### EXERCISE DESCRIPTION
Of all the lines below, return only those starting with the line holding "by (subst nn_integral_unit_square_product)" and going on through the line holding "w \<in> unit_square \<Longrightarrow>", exactly as written.

-- PROVIDED DATA follows --

lemma nn_integral_corner_box_power:
  assumes "F \<in> {\<lambda>x. x, \<lambda>x. 1 - x}" "G \<in> {\<lambda>x. x, \<lambda>x. 1 - x}"
    and "\<And>s t. (s, t) \<in> unit_square \<Longrightarrow> emeasure lborel (R (s, t)) = ennreal (F s) * ennreal (G t)"
  shows "(\<integral>\<^sup>+w. emeasure lborel (R w) ^ m * indicator unit_square w \<partial>lborel)
    = ennreal (1 / real (m + 1)) * ennreal (1 / real (m + 1))"
proof -
  have "(\<integral>\<^sup>+w. emeasure lborel (R w) ^ m * indicator unit_square w \<partial>lborel)
      = (\<integral>\<^sup>+w. ennreal (F (fst w)) ^ m * ennreal (G (snd w)) ^ m * indicator unit_square w \<partial>lborel)"
    using assms(3) by (intro nn_integral_cong) (auto simp: indicator_def power_mult_distrib)
  also have "\<dots> = ennreal (1 / real (m + 1)) * ennreal (1 / real (m + 1))"
    using assms(1,2)
    by (subst nn_integral_unit_square_product)
      (auto simp: nn_integral_power_unit_interval nn_integral_reflected_power_unit_interval)
  finally show ?thesis .
qed

lemma nn_integral_null_box_power:
  assumes "m \<ge> 1" "\<And>w. w \<in> unit_square \<Longrightarrow> emeasure lborel (R w) = 0"
  shows "(\<integral>\<^sup>+w. emeasure lborel (R w) ^ m * indicator unit_square w \<partial>lborel) = 0"
proof -
  have "(\<integral>\<^sup>+w. emeasure lborel (R w) ^ m * indicator unit_square w \<partial>lborel)
      = (\<integral>\<^sup>+w. 0 \<partial>(lborel :: (real \<times> real) measure))"
    using assms by (intro nn_integral_cong) (auto simp: indicator_def)
  then show ?thesis
    by simp
qed

lemma nn_integral_farther_region_power_le:
  assumes "(k, l) \<in> edge_pairs" "m \<ge> 1"
  shows "(\<integral>\<^sup>+w. emeasure lborel (farther_region k l w) ^ m * indicator unit_square w \<partial>lborel)
    \<le> ennreal (1 / real (m + 1)) * ennreal (1 / real (m + 1))"
proof -
  have "(k, l) \<in> {(0, 1), (0, 2), (0, 3), (1, 2), (1, 3), (2, 3)}"
    using assms(1) by (auto simp: edge_pairs_def numeral_eq_Suc less_Suc_eq)
  then consider "(k, l) = (0, 1)" | "(k, l) = (0, 3)" | "(k, l) = (1, 2)" | "(k, l) = (2, 3)"
    | "(k, l) = (0, 2)" | "(k, l) = (1, 3)"
    by blast
  then show ?thesis
  proof cases
    case 1
    then show ?thesis
      by (intro eq_refl nn_integral_corner_box_power[where F = "\<lambda>x. x" and G = "\<lambda>x. 1 - x"])
        (auto simp del: One_nat_def simp: farther_region_eq_cbox emeasure_cbox_pair mem_unit_square)
  next
    case 2
    then show ?thesis
      by (intro eq_refl nn_integral_corner_box_power[where F = "\<lambda>x. 1 - x" and G = "\<lambda>x. 1 - x"])
        (auto simp del: One_nat_def simp: farther_region_eq_cbox emeasure_cbox_pair mem_unit_square)
  next
    case 3
    then show ?thesis
      by (intro eq_refl nn_integral_corner_box_power[where F = "\<lambda>x. x" and G = "\<lambda>x. x"])
        (auto simp del: One_nat_def simp: farther_region_eq_cbox emeasure_cbox_pair mem_unit_square)
  next
    case 4
    then show ?thesis
      by (intro eq_refl nn_integral_corner_box_power[where F = "\<lambda>x. 1 - x" and G = "\<lambda>x. x"])
        (auto simp del: One_nat_def simp: farther_region_eq_cbox emeasure_cbox_pair mem_unit_square)
  next
    case 5
    then show ?thesis
      using assms(2) by (subst nn_integral_null_box_power)
        (auto simp del: One_nat_def simp: farther_region_eq_cbox emeasure_cbox_pair mem_unit_square)
  next
    case 6
    then show ?thesis
      using assms(2) by (subst nn_integral_null_box_power)
        (auto simp del: One_nat_def simp: farther_region_eq_cbox emeasure_cbox_pair mem_unit_square)
  qed
qed

lemma borel_measurable_infdist [measurable]: "(\<lambda>p. infdist p A) \<in> borel_measurable borel"
  by (intro borel_measurable_continuous_onI continuous_intros)

definition nearer_both :: "(real \<times> real) set \<Rightarrow> (real \<times> real) set \<Rightarrow> real \<times> real \<Rightarrow> real \<times> real \<Rightarrow> bool" where
  "nearer_both e f p q \<longleftrightarrow> infdist p e \<le> infdist q e \<and> infdist p f \<le> infdist q f"

lemma emeasure_uniform_rect_nearer_both:
  assumes "u \<noteq> 0" "v \<noteq> 0" "inner u v = 0" "k < 4" "l < 4" "w \<in> unit_square"
  shows "emeasure (uniform_measure lborel (rect c u v))
      {q. nearer_both (rect_edge c u v k) (rect_edge c u v l) (rect_param c u v w) q}
    = emeasure lborel (farther_region k l w)"
proof -
  have det: "fst u * snd v \<noteq> snd u * fst v"
    using orthogonal_imp_det_nonzero assms(1-3) .
  have "nearer_both (rect_edge c u v k) (rect_edge c u v l) (rect_param c u v w) (rect_param c u v w')
      \<longleftrightarrow> edge_coord k w \<le> edge_coord k w' \<and> edge_coord l w \<le> edge_coord l w'"
    if "w' \<in> unit_square" for w'
    using assms(1,2) by (simp add: nearer_both_def infdist_rect_edge[OF assms(3)] assms(4-6) that)
  then have "unit_square \<inter> rect_param c u v -` {q. nearer_both (rect_edge c u v k) (rect_edge c u v l) (rect_param c u v w) q}
      = farther_region k l w"
    by (auto simp: farther_region_def)
  moreover have "{q. nearer_both (rect_edge c u v k) (rect_edge c u v l) (rect_param c u v w) q} \<in> sets borel"
    unfolding nearer_both_def by measurable
  ultimately show ?thesis
    using emeasure_uniform_rect[OF det] by metis
qed

lemma sets_pair_nearer_both:
  assumes "sets \<mu> = sets borel"
  shows "{z \<in> space (\<mu> \<Otimes>\<^sub>M \<mu>). nearer_both e f (fst z) (snd z)} \<in> sets (\<mu> \<Otimes>\<^sub>M \<mu>)"
proof -
  have "sets (\<mu> \<Otimes>\<^sub>M \<mu>) = sets (borel :: ((real \<times> real) \<times> (real \<times> real)) measure)"
    using sets_pair_measure_cong[OF assms assms] by (metis borel_prod)
  moreover have "{z \<in> space (\<mu> \<Otimes>\<^sub>M \<mu>). nearer_both e f (fst z) (snd z)}
      = {z. nearer_both e f (fst z) (snd z)}"
    using sets_eq_imp_space_eq[OF assms] by (simp add: space_pair_measure)
  moreover have "{z. nearer_both e f (fst z) (snd z)} \<in> sets borel"
    unfolding nearer_both_def
    by (intro borel_closed closed_Collect_conj closed_Collect_le continuous_intros)
  ultimately show ?thesis
    by simp
qed

lemma measurable_emeasure_nearer_both:
  assumes "sigma_finite_measure \<mu>" "sets \<mu> = sets borel"
  shows "(\<lambda>p. emeasure \<mu> {q. nearer_both e f p q}) \<in> borel_measurable borel"
proof -
  interpret \<mu>: sigma_finite_measure \<mu>
    by (rule assms(1))
  have "(\<lambda>p. emeasure \<mu> (Pair p -` {z \<in> space (\<mu> \<Otimes>\<^sub>M \<mu>). nearer_both e f (fst z) (snd z)}))
      \<in> borel_measurable \<mu>"
    using sets_pair_nearer_both[OF assms(2)] by (rule \<mu>.measurable_emeasure_Pair)
  then show ?thesis
    using sets_eq_imp_space_eq[OF assms(2)]
    by (simp add: space_pair_measure vimage_def measurable_cong_sets[OF assms(2) refl])
qed

lemma emeasure_nearest_to_both_eq:
  fixes c u v :: "real \<times> real" and n :: nat
  assumes "u \<noteq> 0" "v \<noteq> 0" "inner u v = 0" "k < 4" "l < 4" "i < n"
  defines "M \<equiv> PiM {..<n} (\<lambda>_. uniform_measure lborel (rect c u v))"
  shows "emeasure M {x \<in> space M. \<forall>j<n. nearer_both (rect_edge c u v k) (rect_edge c u v l) (x i) (x j)}
    = (\<integral>\<^sup>+w. emeasure lborel (farther_region k l w) ^ (n - 1) * indicator unit_square w \<partial>lborel)"
proof -
  define \<mu> where "\<mu> = uniform_measure lborel (rect c u v)"
  let ?P = "nearer_both (rect_edge c u v k) (rect_edge c u v l)"
  define J where "J = {..<n} - {i}"
  have det: "fst u * snd v \<noteq> snd u * fst v"
    using orthogonal_imp_det_nonzero assms(1-3) .
  have J: "{..<n} = insert i J" "i \<notin> J" "finite J" "card J = n - 1"
    using assms(6) by (auto simp: J_def)
  have sets_\<mu>: "sets \<mu> = sets borel" and space_\<mu>: "space \<mu> = UNIV"
    by (simp_all add: \<mu>_def)
  interpret \<mu>: prob_space \<mu>
    unfolding \<mu>_def using det by (rule prob_space_uniform_rect)
  have "emeasure M {x \<in> space M. \<forall>j<n. ?P (x i) (x j)}
      = emeasure (PiM (insert i J) (\<lambda>_. \<mu>)) {x \<in> space (PiM (insert i J) (\<lambda>_. \<mu>)). \<forall>j\<in>insert i J. ?P (x i) (x j)}"
    unfolding M_def \<mu>_def[symmetric] J(1)[symmetric] by (simp add: Ball_def)
  also have "\<dots> = (\<integral>\<^sup>+p. emeasure \<mu> {q. ?P p q} ^ (n - 1) \<partial>\<mu>)"
    using emeasure_PiM_component_related_to_all[OF \<mu>.prob_space_axioms J(3,2) sets_pair_nearer_both[OF sets_\<mu>]]
    by (simp add: nearer_both_def space_\<mu> J(4))
  also have "\<dots> = (\<integral>\<^sup>+w. emeasure \<mu> {q. ?P (rect_param c u v w) q} ^ (n - 1) * indicator unit_square w \<partial>lborel)"
    using measurable_emeasure_nearer_both[OF \<mu>.sigma_finite_measure_axioms sets_\<mu>]
    unfolding \<mu>_def by (simp add: nn_integral_uniform_rect[OF det])
  also have "\<dots> = (\<integral>\<^sup>+w. emeasure lborel (farther_region k l w) ^ (n - 1) * indicator unit_square w \<partial>lborel)"
    using emeasure_uniform_rect_nearer_both[OF assms(1-5)]
    by (intro nn_integral_cong) (simp add: \<mu>_def indicator_def)
  finally show ?thesis .
qed

lemma measure_nearest_to_both_le:
  fixes c u v :: "real \<times> real" and n :: nat
  assumes "u \<noteq> 0" "v \<noteq> 0" "inner u v = 0" "(k, l) \<in> edge_pairs" "n \<ge> 2" "i < n"
  defines "M \<equiv> PiM {..<n} (\<lambda>_. uniform_measure lborel (rect c u v))"
  shows "measure M {x \<in> space M. \<forall>j<n. nearer_both (rect_edge c u v k) (rect_edge c u v l) (x i) (x j)}
    \<le> 1 / n\<^sup>2"
proof -
  interpret M: prob_space M
    unfolding M_def using orthogonal_imp_det_nonzero[OF assms(1-3)]
    by (intro prob_space_PiM prob_space_uniform_rect)
  have "k < 4" "l < 4" "Suc (n - 1) = n" "n - 1 \<ge> 1"
    using assms(4,5) by (auto simp: edge_pairs_def)
  then have "emeasure M {x \<in> space M. \<forall>j<n. nearer_both (rect_edge c u v k) (rect_edge c u v l) (x i) (x j)}
      \<le> ennreal (1 / n) * ennreal (1 / n)"
    using nn_integral_farther_region_power_le[OF assms(4), of "n - 1"]
    unfolding M_def by (simp add: emeasure_nearest_to_both_eq[OF assms(1-3) _ _ assms(6)])
  then show ?thesis
    by (simp add: M.emeasure_eq_measure ennreal_mult[symmetric] power2_eq_square)
qed

lemma card_edge_pairs: "card edge_pairs = 6"
proof -
  have pairs: "edge_pairs = {(0, 1), (0, 2), (0, 3), (1, 2), (1, 3), (2, 3)}"
    by (auto simp: edge_pairs_def numeral_eq_Suc less_Suc_eq)
  show ?thesis
    unfolding pairs by simp
qed

lemma finite_edge_pairs: "finite edge_pairs"
  using card_edge_pairs by (intro card_ge_0_finite) simp

lemma not_nice_iff:
  "\<not> nice (x ` {..<n}) c u v \<longleftrightarrow>
    (\<exists>e\<in>rect_edges c u v. \<exists>f\<in>rect_edges c u v. e \<noteq> f \<and> (\<exists>i<n. \<forall>j<n. nearer_both e f (x i) (x j)))"
  unfolding nice_def closest_to_def nearer_both_def by blast

lemma sets_nearest_to_both:
  fixes n :: nat
  assumes "sets \<mu> = sets borel" "i < n"
  shows "{x \<in> space (PiM {..<n} (\<lambda>_. \<mu>)). \<forall>j<n. nearer_both e f (x i) (x j)} \<in> sets (PiM {..<n} (\<lambda>_. \<mu>))"
proof -
  have sets_eq: "sets (PiM {..<n} (\<lambda>_. \<mu>)) = sets (PiM {..<n} (\<lambda>_. borel))"
    using assms(1) by (intro sets_PiM_cong) simp_all
  have "{x \<in> space (PiM {..<n} (\<lambda>_. \<mu>)). \<forall>j<n. nearer_both e f (x i) (x j)}
      = {x \<in> space (PiM {..<n} (\<lambda>_. borel)). \<forall>j\<in>{..<n}. nearer_both e f (x i) (x j)}"
    using sets_eq_imp_space_eq[OF sets_eq] by auto
  also have "\<dots> \<in> sets (PiM {..<n} (\<lambda>_. borel))"
  proof (rule predE, rule pred_intros_finite)
    fix j assume "j \<in> {..<n}"
    then have "(\<lambda>x. infdist (x m) g) \<in> borel_measurable (PiM {..<n} (\<lambda>_. borel))"
      if "m \<in> {i, j}" for m g
      using that assms(2) by (auto intro: measurable_compose[OF measurable_component_singleton])
    then have "Measurable.pred (PiM {..<n} (\<lambda>_. borel)) (\<lambda>x. infdist (x i) g \<le> infdist (x j) g)" for g
      unfolding pred_def by (intro borel_measurable_le) auto
    then show "Measurable.pred (PiM {..<n} (\<lambda>_. borel)) (\<lambda>x. nearer_both e f (x i) (x j))"
      unfolding nearer_both_def by (intro pred_intros_logic)
  qed simp
  finally show ?thesis
    unfolding sets_eq .
qed

lemma nearer_both_commute: "nearer_both e f = nearer_both f e"
  by (auto simp: nearer_both_def fun_eq_iff)

lemma sets_not_nice:
  fixes n :: nat
  assumes "sets \<mu> = sets borel"
  shows "{x \<in> space (PiM {..<n} (\<lambda>_. \<mu>)). \<not> nice (x ` {..<n}) c u v} \<in> sets (PiM {..<n} (\<lambda>_. \<mu>))"
proof -
  have "{x \<in> space (PiM {..<n} (\<lambda>_. \<mu>)). \<not> nice (x ` {..<n}) c u v}
      = (\<Union>e\<in>rect_edges c u v. \<Union>f\<in>rect_edges c u v - {e}. \<Union>i<n.
          {x \<in> space (PiM {..<n} (\<lambda>_. \<mu>)). \<forall>j<n. nearer_both e f (x i) (x j)})"
    unfolding not_nice_iff by blast
  then show ?thesis
    using assms by (auto intro!: sets.finite_UN sets_nearest_to_both simp: rect_edges_def)
qed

-- PROVIDED DATA concluded --

### EXPECTED OUTPUT
    by (subst nn_integral_unit_square_product)
      (auto simp: nn_integral_power_unit_interval nn_integral_reflected_power_unit_interval)
  finally show ?thesis .
qed

lemma nn_integral_null_box_power:
  assumes "m \<ge> 1" "\<And>w. w \<in> unit_square \<Longrightarrow> emeasure lborel (R w) = 0"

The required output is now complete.